Tens of thousands of low-paid young workers are set for a pay rise, after UK chancellor Sajid Javid unveiled plans to raise the legal minimum wage for under-25s.
Javid pledged to scrap the lower minimum wage rate for 21-24-year-olds in his speech to the Conservative party conference, raising the pay floor to the higher ‘living wage’ rate currently set for over-25s.
About 175,000 workers aged 21 to 24 are currently reported to earn the legal minimum for their age group of £7.70 an hour. The rate for workers aged 25 and over is set at £8.21.
His pledge to “reward the hard work of all millennials” came alongside a commitment to raise the national living wage to two-thirds of median pay, and was welcomed by some think tanks.
But business leaders voiced their fears, with the Institute of Directors warning increasing rates “risks forcing firms to reduce staff numbers” and the Federation of Small Business (FSB) warning it could “make some small firms unviable.”
The impact of minimum wage policy on employment levels has sparked debate for decades, particularly since the national minimum wage was introduced in 1999.
But evidence published on Monday suggests the government’s plans are not likely to make young workers unaffordable and increase joblessness.
Bryan Sanderson, chair of Low Pay Commision, which carried out a review of wage rates, set out why his organisation backed the move in a detailed letter to the government published online.
Previous rises have had little impact on employment figures
Britain saw “no negative effects on employment” for 21-year-olds when the minimum wage was extended to them from its previous starting age of 22 in 2010, according to the letter.
Sanderson said there was even evidence it “stimulated movements into employment” for some young people, despite it hiking the wage floor by a steep 20% and being launched just after the financial crisis.
The Low Pay Commission also highlighted earlier this year how the “conventional wisdom” had suggested the national minimum wage would force workers out of jobs when it was introduced under prime minister Tony Blair in 1999.
But it said in a report that two decades of increases had not damaged employment, becoming an “established” part of the UK labour market with cross-party support.
Nye Cominetti, an economic analyst at the Resolution Foundation, said the policy had been “one of our big policy success stories” in recent decades.
Firms will have time to prepare
Mike Cherry, chair of the FSB, called for the plans to be introduced gradually, warning a “sudden drop to 21 poses a real risk to jobs and the economy.”

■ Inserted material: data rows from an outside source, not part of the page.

section \<open>The Haar measure in coordinates\<close>

lemma sh_param_measurable [measurable]: "sh_param \<in> borel_measurable borel"
proof -
  have sh_param_eq: "sh_param = (\<lambda>p. (fst p *\<^sub>R vector [vector [1, 0], vector [0, 0]]
      + (fst (snd p) * sqrt (fst p)) *\<^sub>R vector [vector [0, 1], vector [0, 0]]
      + sqrt (fst p) *\<^sub>R vector [vector [0, 0], vector [0, 1]], snd (snd p)))"
    by (auto simp: fun_eq_iff sh_param_def vec_eq_iff forall_2)
  show ?thesis
    unfolding sh_param_eq by (intro borel_measurable_continuous_onI continuous_intros)
qed

definition haar_density :: "real \<times> real \<times> (real^2) \<Rightarrow> ennreal" where
  "haar_density p = indicator {0<..} (fst p) * ennreal (1 / fst p ^ 3)"

lemma haar_density_measurable [measurable]: "haar_density \<in> borel_measurable borel"
  unfolding haar_density_def by measurable

lemma shearlet_haar_eq: "shearlet_haar = distr (density lborel haar_density) borel sh_param"
  unfolding shearlet_haar_def haar_density_def by (simp add: case_prod_beta')

lemma sets_shearlet_haar [measurable_cong]: "sets shearlet_haar = sets borel"
  by (simp add: shearlet_haar_eq)

lemma nn_integral_shearlet_haar:
  assumes [measurable]: "f \<in> borel_measurable borel"
  shows "(\<integral>\<^sup>+x. f x \<partial>shearlet_haar) = (\<integral>\<^sup>+p. haar_density p * f (sh_param p) \<partial>lborel)"
  unfolding shearlet_haar_eq by (simp add: nn_integral_distr nn_integral_density)

lemma AE_shearlet_haar_iff:
  assumes [measurable]: "Measurable.pred borel P"
  shows "(AE x in shearlet_haar. P x) \<longleftrightarrow> (AE p in lborel. 0 < haar_density p \<longrightarrow> P (sh_param p))"
  unfolding shearlet_haar_eq by (simp add: AE_distr_iff AE_density)

section \<open>Square integrability\<close>

lemma haar_wedge_measurable [measurable]: "haar_wedge \<in> borel_measurable borel"
  unfolding haar_wedge_def wedge_profile_def window_def by measurable

lemma haar_wedge_sh_param:
  "haar_wedge (sh_param (a, s, t)) = of_real (wedge_profile a (s * sqrt a) (sqrt a) (t$1) (t$2))"
  by (simp add: haar_wedge_def sh_param_def)

text \<open>The square of window a (t_1 - 1) - window a t_1 is the indicator of the symmetric difference
  of (1 - a, 1] and (-a, 0]; it is covered by two intervals of length min a 1. For a > 1 this
  cancellation is what makes the integral over large scales converge.\<close>

definition wedge_majorant :: "real \<Rightarrow> real \<Rightarrow> real^2 \<Rightarrow> real" where
  "wedge_majorant a s t =
     (if 0 < a \<and> 0 \<le> s \<and> s \<le> sqrt a \<and> 0 \<le> t$2 \<and> t$2 \<le> sqrt a
      then a powr (-5/2) * ((if 1 - min a 1 \<le> t$1 \<and> t$1 \<le> 1 then 1 else 0)
                          + (if - a \<le> t$1 \<and> t$1 \<le> min a 1 - a then 1 else 0))
      else 0)"

lemma borel_measurable_wedge_majorant [measurable]:
  "(\<lambda>p::real \<times> real \<times> (real^2). wedge_majorant (fst p) (fst (snd p)) (snd (snd p))) \<in> borel_measurable borel"
  "(\<lambda>q::real \<times> (real^2). wedge_majorant a (fst q) (snd q)) \<in> borel_measurable borel"
  unfolding wedge_majorant_def by measurable measurable

lemma window_difference_sq_le:
  "0 < a \<Longrightarrow> (window a (u - 1) - window a u)\<^sup>2
     \<le> (if 1 - min a 1 \<le> u \<and> u \<le> 1 then 1 else 0) + (if - a \<le> u \<and> u \<le> min a 1 - a then 1 else 0)"
  by (auto simp: window_def min_def)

But the government has signalled it will act cautiously, raising pay for workers aged 23 and over only from 2021 and for 21-year-olds only within five years.

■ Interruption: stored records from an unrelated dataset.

lemma rank_in_set_strict_mono:
  assumes "finite I" "x \<in> I" "y \<in> I" "x < y"
  shows "rank_in_set I x < rank_in_set I y"
proof (rule ccontr)
  assume "\<not> rank_in_set I x < rank_in_set I y"
  moreover have "rank_in_set I x \<noteq> rank_in_set I y"
    using assms nth_of_set_rank by (metis less_irrefl)
  ultimately have "nth_of_set I (rank_in_set I y) < nth_of_set I (rank_in_set I x)"
    using nth_of_set_strict_mono rank_in_set_less[OF assms(1,2)] by (simp add: linorder_neq_iff)
  then show False using assms by (simp add: nth_of_set_rank)
qed

text \<open>\<open>nth_of_set\<close> and \<open>rank_in_set\<close> are order isomorphisms, so they contribute no inversions.\<close>
lemma inversion_sign_transfer:
  assumes fin: "finite I" "finite J" and c: "card J = card I" and q: "q permutes {..<card I}"
  shows "inversion_sign I (nth_of_set J \<circ> (q \<circ> rank_in_set I)) = inversion_sign {..<card I} q"
proof -
  have rank_img: "rank_in_set I ` I = {..<card I}" and rank_inj: "inj_on (rank_in_set I) I"
    using bij_betw_rank_in_set[OF fin(1)] by (auto simp: bij_betw_def)
  have q_img: "q ` {..<card I} = {..<card I}" and q_inj: "inj_on q {..<card I}"
    using q by (auto simp: permutes_image permutes_inj_on)
  have img: "(q \<circ> rank_in_set I) ` I = {..<card I}" using rank_img q_img by (metis image_comp)
  have inj: "inj_on (q \<circ> rank_in_set I) I" using rank_inj q_inj rank_img by (simp add: comp_inj_on)
  have nth_inj: "inj_on (nth_of_set J) {..<card I}"
    using bij_betw_nth_of_set[OF fin(2)] c by (simp add: bij_betw_def)
  have "inversion_sign I (nth_of_set J \<circ> (q \<circ> rank_in_set I)) =
      inversion_sign I (q \<circ> rank_in_set I) * inversion_sign {..<card I} (nth_of_set J)"
    using inversion_sign_comp[OF inj] nth_inj img by simp
  also have "inversion_sign {..<card I} (nth_of_set J) = 1"
    by (rule inversion_sign_strict_mono) (use nth_of_set_strict_mono[of _ _ J] c in auto)
  also have "inversion_sign I (q \<circ> rank_in_set I) =
      inversion_sign I (rank_in_set I) * inversion_sign {..<card I} q"
    using inversion_sign_comp[OF rank_inj] rank_img q_inj by simp
  also have "inversion_sign I (rank_in_set I) = 1"
    by (rule inversion_sign_strict_mono) (use rank_in_set_strict_mono[OF fin(1)] in auto)
  finally show ?thesis by (simp add: comp_def)
qed

lemma inversion_sign_transpose:
  assumes fin: "finite I" and ij: "i \<in> I" "j \<in> I" "i \<noteq> j"
  shows "inversion_sign I (Transposition.transpose i j) = -1"
proof -
  let ?a = "rank_in_set I i" and ?b = "rank_in_set I j"
  have ab: "?a < card I" "?b < card I" "?a \<noteq> ?b"
    using rank_in_set_less[OF fin] ij nth_of_set_rank[OF fin] by metis+
  have "inversion_sign I (Transposition.transpose i j) =
      inversion_sign I (nth_of_set I \<circ> (Transposition.transpose ?a ?b \<circ> rank_in_set I))"
    using nth_of_set_rank[OF fin] rank_in_set_less[OF fin] ij
    by (intro inversion_sign_cong) (auto simp: Transposition.transpose_def, metis+)
  also have "\<dots> = inversion_sign {..<card I} (Transposition.transpose ?a ?b)"
    by (rule inversion_sign_transfer[OF fin fin refl]) (simp add: ab permutes_swap_id)
  also have "\<dots> = -1" by (rule inversion_sign_transpose_lessThan[OF ab])
  finally show ?thesis .
qed

section \<open>Block determinants as sums over bijections\<close>

definition bijections :: "'a set \<Rightarrow> 'b set \<Rightarrow> ('a \<Rightarrow> 'b) set" where
  "bijections I J = {f. bij_betw f I J \<and> f \<in> extensional I}"

definition leibniz_det :: "('a::linorder \<Rightarrow> 'b::linorder \<Rightarrow> real) \<Rightarrow> 'a set \<Rightarrow> 'b set \<Rightarrow> real" where
  "leibniz_det F I J = (\<Sum>f\<in>bijections I J. inversion_sign I f * (\<Prod>i\<in>I. F i (f i)))"

lemma finite_bijections:
  assumes "finite I" "finite J"
  shows "finite (bijections I J)"
proof (rule finite_subset)
  show "bijections I J \<subseteq> PiE I (\<lambda>_. J)"
    by (auto simp: bijections_def bij_betw_def PiE_def Pi_def)
qed (simp add: finite_PiE assms)

definition bijection_of_perm :: "'a::linorder set \<Rightarrow> 'b::linorder set \<Rightarrow> (nat \<Rightarrow> nat) \<Rightarrow> 'a \<Rightarrow> 'b" where
  "bijection_of_perm I J p = restrict (nth_of_set J \<circ> p \<circ> rank_in_set I) I"

lemma bijection_of_perm_in_bijections:
  assumes fin: "finite I" "finite J" and c: "card J = card I" and p: "p permutes {..<card I}"
  shows "bijection_of_perm I J p \<in> bijections I J"
proof -
  have "bij_betw (nth_of_set J \<circ> p \<circ> rank_in_set I) I J"
    using bij_betw_trans[OF bij_betw_trans[OF bij_betw_rank_in_set[OF fin(1)] permutes_imp_bij[OF p]]]
      bij_betw_nth_of_set[OF fin(2)] c
    by (simp add: comp_assoc)
  moreover have "bij_betw (bijection_of_perm I J p) I J \<longleftrightarrow> bij_betw (nth_of_set J \<circ> p \<circ> rank_in_set I) I J"
    unfolding bijection_of_perm_def by (rule bij_betw_cong) simp
  ultimately show ?thesis
    by (simp add: bijections_def bijection_of_perm_def)
qed

lemma inversion_sign_bijection_of_perm:
  assumes fin: "finite I" "finite J" and c: "card J = card I" and p: "p permutes {..<card I}"
  shows "inversion_sign I (bijection_of_perm I J p) = of_int (sign p)"
proof -
  have "inversion_sign I (bijection_of_perm I J p) = inversion_sign I (nth_of_set J \<circ> (p \<circ> rank_in_set I))"
    by (rule inversion_sign_cong) (simp add: bijection_of_perm_def)
  also have "\<dots> = of_int (sign p)"
    using inversion_sign_transfer[OF fin c p] sign_eq_inversion_sign[OF p] by simp
  finally show ?thesis .
qed

lemma bij_betw_bijection_of_perm:
  assumes fin: "finite I" "finite J" and c: "card J = card I"
  shows "bij_betw (bijection_of_perm I J) {p. p permutes {..<card I}} (bijections I J)"
proof -
  define perm_of where
    "perm_of f i = (if i < card I then rank_in_set J (f (nth_of_set I i)) else i)" for f :: "'a \<Rightarrow> 'b" and i
  have perm_of: "perm_of (bijection_of_perm I J p) = p" if p: "p permutes {..<card I}" for p
  proof
    fix i
    have "p i < card I" if "i < card I" using permutes_in_image[OF p] that by simp
    then show "perm_of (bijection_of_perm I J p) i = p i"
      using nth_of_set_in[OF fin(1)] rank_nth_of_set[OF fin(1)] rank_nth_of_set[OF fin(2)] c
        permutes_not_in[OF p]
      by (auto simp: perm_of_def bijection_of_perm_def)
  qed
  have of_perm_of: "bijection_of_perm I J (perm_of f) = f" if f: "f \<in> bijections I J" for f
  proof
    fix x
    show "bijection_of_perm I J (perm_of f) x = f x"
      using f bij_betwE[of f I J] rank_in_set_less[OF fin(1)] nth_of_set_rank[OF fin(1)]
        nth_of_set_rank[OF fin(2)]
      by (cases "x \<in> I") (auto simp: bijection_of_perm_def perm_of_def bijections_def extensional_def)
  qed
  have perm_of_permutes: "perm_of f permutes {..<card I}" if f: "f \<in> bijections I J" for f
  proof -
    have "bij_betw (rank_in_set J \<circ> f \<circ> nth_of_set I) {..<card I} {..<card I}"
      using bij_betw_nth_of_set[OF fin(1)] f bij_betw_rank_in_set[OF fin(2)] c
      by (auto simp: bijections_def intro: bij_betw_trans)
    then have "bij_betw (perm_of f) {..<card I} {..<card I}"
      by (rule bij_betw_cong[THEN iffD1, rotated]) (simp add: perm_of_def)
    then show ?thesis
      by (rule bij_imp_permutes) (simp add: perm_of_def)
  qed
  show ?thesis
    by (rule bij_betw_byWitness[where f' = perm_of])
      (use perm_of of_perm_of perm_of_permutes bijection_of_perm_in_bijections[OF fin c] in auto)
qed

lemma minor_det_eq_leibniz_det:
  fixes X :: "real^'d::{finite,linorder}^'d::{finite,linorder}"
  assumes c: "card I = card J"
  shows "minor_det X I J = leibniz_det (\<lambda>i j. X $ i $ j) I J"
proof -
  have fin: "finite I" "finite J" by auto
  have summand: "of_int (sign p) * (\<Prod>i<card I. X $ nth_of_set I i $ nth_of_set J (p i)) =
      inversion_sign I (bijection_of_perm I J p) * (\<Prod>i\<in>I. X $ i $ bijection_of_perm I J p i)"
    if p: "p permutes {..<card I}" for p
  proof -
    have "(\<Prod>i\<in>I. X $ i $ bijection_of_perm I J p i) =
        (\<Prod>i<card I. X $ nth_of_set I i $ bijection_of_perm I J p (nth_of_set I i))"
      by (rule prod.reindex_bij_betw[OF bij_betw_nth_of_set[OF fin(1)], symmetric])
    also have "\<dots> = (\<Prod>i<card I. X $ nth_of_set I i $ nth_of_set J (p i))"
      by (intro prod.cong refl)
        (simp add: bijection_of_perm_def nth_of_set_in[OF fin(1)] rank_nth_of_set[OF fin(1)])
    finally show ?thesis
      using inversion_sign_bijection_of_perm[OF fin c[symmetric] p] by simp
  qed
  have "minor_det X I J =
      (\<Sum>p\<in>{p. p permutes {..<card I}}. of_int (sign p) * (\<Prod>i<card I. X $ nth_of_set I i $ nth_of_set J (p i)))"
    by (simp add: minor_det_def nth_of_set_def Let_def)
  also have "\<dots> = (\<Sum>p\<in>{p. p permutes {..<card I}}.
      inversion_sign I (bijection_of_perm I J p) * (\<Prod>i\<in>I. X $ i $ bijection_of_perm I J p i))"
    by (rule sum.cong) (simp_all add: summand)
  also have "\<dots> = leibniz_det (\<lambda>i j. X $ i $ j) I J"
    unfolding leibniz_det_def
    by (rule sum.reindex_bij_betw[OF bij_betw_bijection_of_perm[OF fin c[symmetric]]])
  finally show ?thesis .
qed

section \<open>Expansion of the determinant of a sum\<close>

text \<open>\<open>split_sign I S\<close> is the sign of the shuffle of \<open>I\<close> that lists \<open>S\<close> before \<open>I - S\<close>.\<close>
definition split_sign :: "'a::linorder set \<Rightarrow> 'a set \<Rightarrow> real" where
  "split_sign I S = (\<Prod>p\<in>S \<times> (I - S). pair_sign (fst p) (snd p))"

Kate Palmer, associate director of advisory services at employment law consultants Peninsula, said the advance announcement “will mean that some forward planning is possible, and budgets can be set accordingly.”
Only a tiny number of young workers actually earn the minimum wage
Sanderson said most employers were already paying at least the higher national living wage to everyone aged 21 and over, rather than just to workers over 25 as required by law.
Only 6% of workers aged 21 to 24 currently earn the legal minimum wage, suggesting the policy’s impact could be less significant than some might expect.
Many employers back the plans
The “majority” of employers in low-paying sectors said they supported extending the living wage to workers from 21 in a consultation by the Low Pay Commission, according to Sanderson.
It found there was “not unanimous” support, but most organisations backed the move and believed it reduced the complexity of implementing different rates for different age groups.
Many young staff do the same work as older staff
Sanderson also said there was “little basis” for treating 23- and 24-year-olds in particularly any differently to older workers.
He said levels and forms of employment and education among the age group were largely similar to 25-year-olds.
Employers recognised the fairness of paying the same rate for generally doing the same work, with “minimal differences in experience and productivity, particularly in low-paying sectors.”
But he said the case was “less clear-cut” for 21- and 22-year-olds newer to the labour market, backing a further review before they also see their lower rate scrapped.
Carys Roberts, chief economist at the IPPR think tank, said the move was particularly welcome after “the worst decade for earnings growth in two centuries.”
Employment levels have never been higher
The Low Pay Commission said current economic conditions also boosted the case for change, with enough other job opportunities available even if hiking the wage floor did deter some hiring.
Sanderson said a period of record official employment figures and tightening labour market “are likely to offer protection to young workers.”
Roberts of the IPPR said: “The evidence suggests given current economic conditions, this can be safely done without an increase in unemployment.”